*** Dataset excerpts
(* Let $X$ be a locally compact Hausdorff totally disconnected space, $G$ a discrete group, $K$ a field, $\phi=(\phi_g,X_g,X)_{g\in G}$ a partial action of $G$ on $X$ (with $X_g$ open), and $I$ an ideal of $C_K(X)\rtimes_\phi G$. With $V_I=\bigcup\{\operatorname{supp}(f): f\delta_\varepsilon\in I\}$, one has $C_K(V_I)\rtimes_{\phi|_{V_I}}G\subseteq I$, and $C_K(V_I)\rtimes_{\phi|_{V_I}}G$ is the largest graded ideal of $C_K(X)\rtimes_\phi G$ contained in $I$.
   Context: A partial action of $G$ (identity $\varepsilon$) on a topological space $X$ is $(\phi_g,X_g,X)_{g\in G}$ with $X_g$ open, homeomorphisms $\phi_g:X_{g^{-1}}\to X_g$, and (i) $X_\varepsilon=X$, $\phi_\varepsilon=\operatorname{id}$; (ii) $\phi_g(X_{g^{-1}}\cap X_h)=X_g\cap X_{gh}$; (iii) $\phi_g\phi_h(x)=\phi_{gh}(x)$ for $x\in X_{h^{-1}}\cap X_{h^{-1}g^{-1}}$. $V\subseteq X$ is invariant if $\phi_{g^{-1}}(X_g\cap V)\subseteq X_{g^{-1}}\cap V$ for all $g$ (and $V_I$ is open invariant). $C_K(Y)$ is the algebra of compactly supported locally constant functions $Y\to K$; $C_K(W)$ for open $W$ is the ideal of functions vanishing off $W$; $\phi_g(f)=f\circ\phi_{g^{-1}}$. The partial skew group ring $C_K(X)\rtimes_\phi G$ consists of finite sums $\sum a_g\delta_g$, $a_g\in C_K(X_g)$, with product $(a_g\delta_g)(b_h\delta_h)=\phi_g(\phi_{g^{-1}}(a_g)b_h)\delta_{gh}$, graded by $\deg(a_g\delta_g)=g$; for open invariant $V$, $C_K(V)\rtimes_{\phi|_V}G=\{\sum a_g\delta_g: a_g\in C_K(V\cap X_g)\}$. An ideal is graded if it is the direct sum of its intersections with the homogeneous components. *)

theory Defs
  imports "HOL-Analysis.Analysis" "HOL-Algebra.Group"
begin

definition totally_disconnected_space :: "'a topology \<Rightarrow> bool" where
  "totally_disconnected_space T \<longleftrightarrow>
     (\<forall>S. S \<subseteq> topspace T \<and> connectedin T S \<longrightarrow> S = {} \<or> (\<exists>x. S = {x}))"

text \<open>Partial action of the group G on the whole space (the type 'x with its
  topology): Xg g is the open domain X_g, ph g is the map phi_g : X_(g^-1) -> X_g.\<close>
definition partial_action ::
  "('g, 'm) monoid_scheme \<Rightarrow> ('g \<Rightarrow> 'x::topological_space set) \<Rightarrow> ('g \<Rightarrow> 'x \<Rightarrow> 'x) \<Rightarrow> bool" where
  "partial_action G Xg ph \<longleftrightarrow>
     (\<forall>g\<in>carrier G. open (Xg g)) \<and>
     (\<forall>g\<in>carrier G. \<exists>psi. homeomorphism (Xg (inv\<^bsub>G\<^esub> g)) (Xg g) (ph g) psi) \<and>
     Xg \<one>\<^bsub>G\<^esub> = UNIV \<and> (\<forall>x. ph \<one>\<^bsub>G\<^esub> x = x) \<and>
     (\<forall>g\<in>carrier G. \<forall>h\<in>carrier G.
        ph g ` (Xg (inv\<^bsub>G\<^esub> g) \<inter> Xg h) = Xg g \<inter> Xg (g \<otimes>\<^bsub>G\<^esub> h)) \<and>
     (\<forall>g\<in>carrier G. \<forall>h\<in>carrier G.
        \<forall>x \<in> Xg (inv\<^bsub>G\<^esub> h) \<inter> Xg (inv\<^bsub>G\<^esub> h \<otimes>\<^bsub>G\<^esub> inv\<^bsub>G\<^esub> g).
          ph g (ph h x) = ph (g \<otimes>\<^bsub>G\<^esub> h) x)"

definition CK :: "('x::topological_space \<Rightarrow> 'k::field) set" where
  "CK = {f. (\<forall>x. \<exists>U. open U \<and> x \<in> U \<and> (\<forall>y\<in>U. f y = f x))
            \<and> compact (closure {x. f x \<noteq> 0})}"

definition CK_on :: "'x::topological_space set \<Rightarrow> ('x \<Rightarrow> 'k::field) set" where
  "CK_on W = {f \<in> CK. \<forall>x. x \<notin> W \<longrightarrow> f x = 0}"

definition supp :: "('x::topological_space \<Rightarrow> 'k::zero) \<Rightarrow> 'x set" where
  "supp f = closure {x. f x \<noteq> 0}"

definition act_fun ::
  "('g, 'm) monoid_scheme \<Rightarrow> ('g \<Rightarrow> 'x set) \<Rightarrow> ('g \<Rightarrow> 'x \<Rightarrow> 'x) \<Rightarrow> 'g \<Rightarrow> ('x \<Rightarrow> 'k::zero) \<Rightarrow> 'x \<Rightarrow> 'k" where
  "act_fun G Xg ph g f = (\<lambda>x. if x \<in> Xg g then f (ph (inv\<^bsub>G\<^esub> g) x) else 0)"

text \<open>Elements of the partial skew group ring are represented as finitely supported
  families a : G -> C_K(X), with a g \<in> C_K(X_g) (a g is the coefficient of delta_g).\<close>
definition skew_ring ::
  "('g, 'm) monoid_scheme \<Rightarrow> ('g \<Rightarrow> 'x::topological_space set) \<Rightarrow> ('g \<Rightarrow> 'x \<Rightarrow> 'k::field) set" where
  "skew_ring G Xg = {a. (\<forall>g. g \<notin> carrier G \<longrightarrow> a g = (\<lambda>_. 0)) \<and>
                        finite {g. a g \<noteq> (\<lambda>_. 0)} \<and>
                        (\<forall>g\<in>carrier G. a g \<in> CK_on (Xg g))}"

definition skew_zero :: "'g \<Rightarrow> 'x \<Rightarrow> 'k::field" where
  "skew_zero = (\<lambda>_ _. 0)"

definition skew_add :: "('g \<Rightarrow> 'x \<Rightarrow> 'k::field) \<Rightarrow> ('g \<Rightarrow> 'x \<Rightarrow> 'k) \<Rightarrow> 'g \<Rightarrow> 'x \<Rightarrow> 'k" where
  "skew_add a b = (\<lambda>g x. a g x + b g x)"

definition skew_neg :: "('g \<Rightarrow> 'x \<Rightarrow> 'k::field) \<Rightarrow> 'g \<Rightarrow> 'x \<Rightarrow> 'k" where
  "skew_neg a = (\<lambda>g x. - a g x)"

text \<open>(a_g delta_g)(b_h delta_h) = phi_g(phi_(g^-1)(a_g) b_h) delta_(gh), extended bilinearly.\<close>
definition skew_mult ::
  "('g, 'm) monoid_scheme \<Rightarrow> ('g \<Rightarrow> 'x set) \<Rightarrow> ('g \<Rightarrow> 'x \<Rightarrow> 'x) \<Rightarrow>
   ('g \<Rightarrow> 'x \<Rightarrow> 'k::field) \<Rightarrow> ('g \<Rightarrow> 'x \<Rightarrow> 'k) \<Rightarrow> 'g \<Rightarrow> 'x \<Rightarrow> 'k" where
  "skew_mult G Xg ph a b = (\<lambda>k.
     if k \<in> carrier G then
       (\<lambda>x. \<Sum>g\<in>{g\<in>carrier G. a g \<noteq> (\<lambda>_. 0)}.
              act_fun G Xg ph g
                (\<lambda>y. act_fun G Xg ph (inv\<^bsub>G\<^esub> g) (a g) y * b (inv\<^bsub>G\<^esub> g \<otimes>\<^bsub>G\<^esub> k) y) x)
     else (\<lambda>_. 0))"

definition skew_ideal ::
  "('g, 'm) monoid_scheme \<Rightarrow> ('g \<Rightarrow> 'x::topological_space set) \<Rightarrow> ('g \<Rightarrow> 'x \<Rightarrow> 'x) \<Rightarrow>
   ('g \<Rightarrow> 'x \<Rightarrow> 'k::field) set \<Rightarrow> bool" where
  "skew_ideal G Xg ph I \<longleftrightarrow>
     I \<subseteq> skew_ring G Xg \<and> skew_zero \<in> I \<and>
     (\<forall>a\<in>I. \<forall>b\<in>I. skew_add a b \<in> I) \<and> (\<forall>a\<in>I. skew_neg a \<in> I) \<and>
     (\<forall>a\<in>I. \<forall>r\<in>skew_ring G Xg. skew_mult G Xg ph r a \<in> I \<and> skew_mult G Xg ph a r \<in> I)"

definition homog :: "('g \<Rightarrow> 'x \<Rightarrow> 'k::zero) \<Rightarrow> 'g \<Rightarrow> 'g \<Rightarrow> 'x \<Rightarrow> 'k" where
  "homog a g = (\<lambda>h. if h = g then a g else (\<lambda>_. 0))"

text \<open>Graded: I is the direct sum of its intersections with the homogeneous
  components, i.e. every homogeneous component of an element of I lies in I.\<close>
definition graded :: "('g, 'm) monoid_scheme \<Rightarrow> ('g \<Rightarrow> 'x \<Rightarrow> 'k::zero) set \<Rightarrow> bool" where
  "graded G I \<longleftrightarrow> (\<forall>a\<in>I. \<forall>g\<in>carrier G. homog a g \<in> I)"

definition skew_restr ::
  "('g, 'm) monoid_scheme \<Rightarrow> ('g \<Rightarrow> 'x::topological_space set) \<Rightarrow> 'x set \<Rightarrow> ('g \<Rightarrow> 'x \<Rightarrow> 'k::field) set" where
  "skew_restr G Xg V = {a \<in> skew_ring G Xg. \<forall>g\<in>carrier G. a g \<in> CK_on (V \<inter> Xg g)}"

definition V_of :: "('g, 'm) monoid_scheme \<Rightarrow> ('g \<Rightarrow> 'x::topological_space \<Rightarrow> 'k::field) set \<Rightarrow> 'x set" where
  "V_of G I = \<Union>{supp f | f. (\<lambda>h. if h = \<one>\<^bsub>G\<^esub> then f else (\<lambda>_. 0)) \<in> I}"

end

theory Submission
  imports Defs
begin

(* The functions f with f delta_e in I form an ideal of C_K(X) whose nonzero sets cover V_I.
   By compactness every f in C_K(V_I) has a local unit u in this ideal, so that
   f delta_g = (u delta_e)(f delta_g) lies in I, and hence so does every element of
   C_K(V_I) x G.  Conversely, if f delta_g lies in I and c is the indicator of a compact open
   neighbourhood of phi_g^-1(x) inside X_g^-1, then (f delta_g)(c delta_g^-1) = c' delta_e
   with c'(x) = f(x).  This shows both that V_I is invariant, which makes C_K(V_I) x G an
   ideal, and that the coefficients of every graded ideal inside I are supported in V_I. *)

lemma compact_open_base_if_totally_disconnected:
  fixes W :: "'x::t2_space set"
  assumes lc: "locally_compact_space (euclidean :: 'x topology)"
    and td: "totally_disconnected_space (euclidean :: 'x topology)"
    and W: "open W" "x \<in> W"
  shows "\<exists>U. open U \<and> compact U \<and> x \<in> U \<and> U \<subseteq> W"
proof -
  have hd: "Hausdorff_space (euclidean :: 'x topology)"
    unfolding Hausdorff_space_def using hausdorff by (simp add: disjnt_def) blast
  obtain N K where NK: "open N" "compact K" "x \<in> N" "N \<subseteq> K"
    using lc unfolding locally_compact_space_def
    by (metis UNIV_I compactin_euclidean_iff open_openin topspace_euclidean)
  define C where "C = connected_component_of_set (euclidean :: 'x topology) x"
  have "connectedin euclidean C" "x \<in> C"
    unfolding C_def by (simp_all add: connectedin_connected_component_of connected_component_of_refl)
  then have C: "C = {x}" using td unfolding totally_disconnected_space_def by auto
  have "C \<in> connected_components_of euclidean" unfolding C_def
    by (simp only: connected_component_in_connected_components_of topspace_euclidean UNIV_I)
  then obtain U V where UV: "open U" "open V" "disjnt U V" "U \<union> V = UNIV" "x \<in> U" "U \<subseteq> W \<inter> N"
    using wilder_locally_compact_component_thm[OF lc hd, of C "W \<inter> N"] C W NK by auto
  then have "U = - V" by (auto simp: disjnt_def)
  then have "closed U" using UV by auto
  then have "compact (K \<inter> U)" using NK by blast
  moreover have "K \<inter> U = U" using UV NK by auto
  ultimately show ?thesis using UV by auto
qed

section \<open>Compactly supported locally constant functions\<close>

lemma CK_locally_constant: "f \<in> CK \<Longrightarrow> \<exists>U. open U \<and> x \<in> U \<and> (\<forall>y\<in>U. f y = f x)"
  by (simp add: CK_def)

lemma open_nonzero_CK: "f \<in> CK \<Longrightarrow> open {x. f x \<noteq> 0}"
  by (subst open_subopen) (metis (mono_tags, lifting) CK_locally_constant mem_Collect_eq subsetI)

lemma closed_nonzero_CK: "f \<in> CK \<Longrightarrow> closed {x. f x \<noteq> 0}"
  unfolding closed_def Compl_eq mem_Collect_eq not_not
  by (subst open_subopen) (metis (mono_tags, lifting) CK_locally_constant mem_Collect_eq subsetI)

lemma compact_nonzero_CK: "f \<in> CK \<Longrightarrow> compact {x. f x \<noteq> 0}"
  using closed_nonzero_CK[of f] by (simp add: CK_def)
******
[Directions for this task]:
Ending with the line containing "(\<forall>S. S \<subseteq>", please print exactly the lines of the material above from its first line onward, and nothing else.

[Task result]:
(* Let $X$ be a locally compact Hausdorff totally disconnected space, $G$ a discrete group, $K$ a field, $\phi=(\phi_g,X_g,X)_{g\in G}$ a partial action of $G$ on $X$ (with $X_g$ open), and $I$ an ideal of $C_K(X)\rtimes_\phi G$. With $V_I=\bigcup\{\operatorname{supp}(f): f\delta_\varepsilon\in I\}$, one has $C_K(V_I)\rtimes_{\phi|_{V_I}}G\subseteq I$, and $C_K(V_I)\rtimes_{\phi|_{V_I}}G$ is the largest graded ideal of $C_K(X)\rtimes_\phi G$ contained in $I$.
   Context: A partial action of $G$ (identity $\varepsilon$) on a topological space $X$ is $(\phi_g,X_g,X)_{g\in G}$ with $X_g$ open, homeomorphisms $\phi_g:X_{g^{-1}}\to X_g$, and (i) $X_\varepsilon=X$, $\phi_\varepsilon=\operatorname{id}$; (ii) $\phi_g(X_{g^{-1}}\cap X_h)=X_g\cap X_{gh}$; (iii) $\phi_g\phi_h(x)=\phi_{gh}(x)$ for $x\in X_{h^{-1}}\cap X_{h^{-1}g^{-1}}$. $V\subseteq X$ is invariant if $\phi_{g^{-1}}(X_g\cap V)\subseteq X_{g^{-1}}\cap V$ for all $g$ (and $V_I$ is open invariant). $C_K(Y)$ is the algebra of compactly supported locally constant functions $Y\to K$; $C_K(W)$ for open $W$ is the ideal of functions vanishing off $W$; $\phi_g(f)=f\circ\phi_{g^{-1}}$. The partial skew group ring $C_K(X)\rtimes_\phi G$ consists of finite sums $\sum a_g\delta_g$, $a_g\in C_K(X_g)$, with product $(a_g\delta_g)(b_h\delta_h)=\phi_g(\phi_{g^{-1}}(a_g)b_h)\delta_{gh}$, graded by $\deg(a_g\delta_g)=g$; for open invariant $V$, $C_K(V)\rtimes_{\phi|_V}G=\{\sum a_g\delta_g: a_g\in C_K(V\cap X_g)\}$. An ideal is graded if it is the direct sum of its intersections with the homogeneous components. *)

theory Defs
  imports "HOL-Analysis.Analysis" "HOL-Algebra.Group"
begin

definition totally_disconnected_space :: "'a topology \<Rightarrow> bool" where
  "totally_disconnected_space T \<longleftrightarrow>
     (\<forall>S. S \<subseteq> topspace T \<and> connectedin T S \<longrightarrow> S = {} \<or> (\<exists>x. S = {x}))"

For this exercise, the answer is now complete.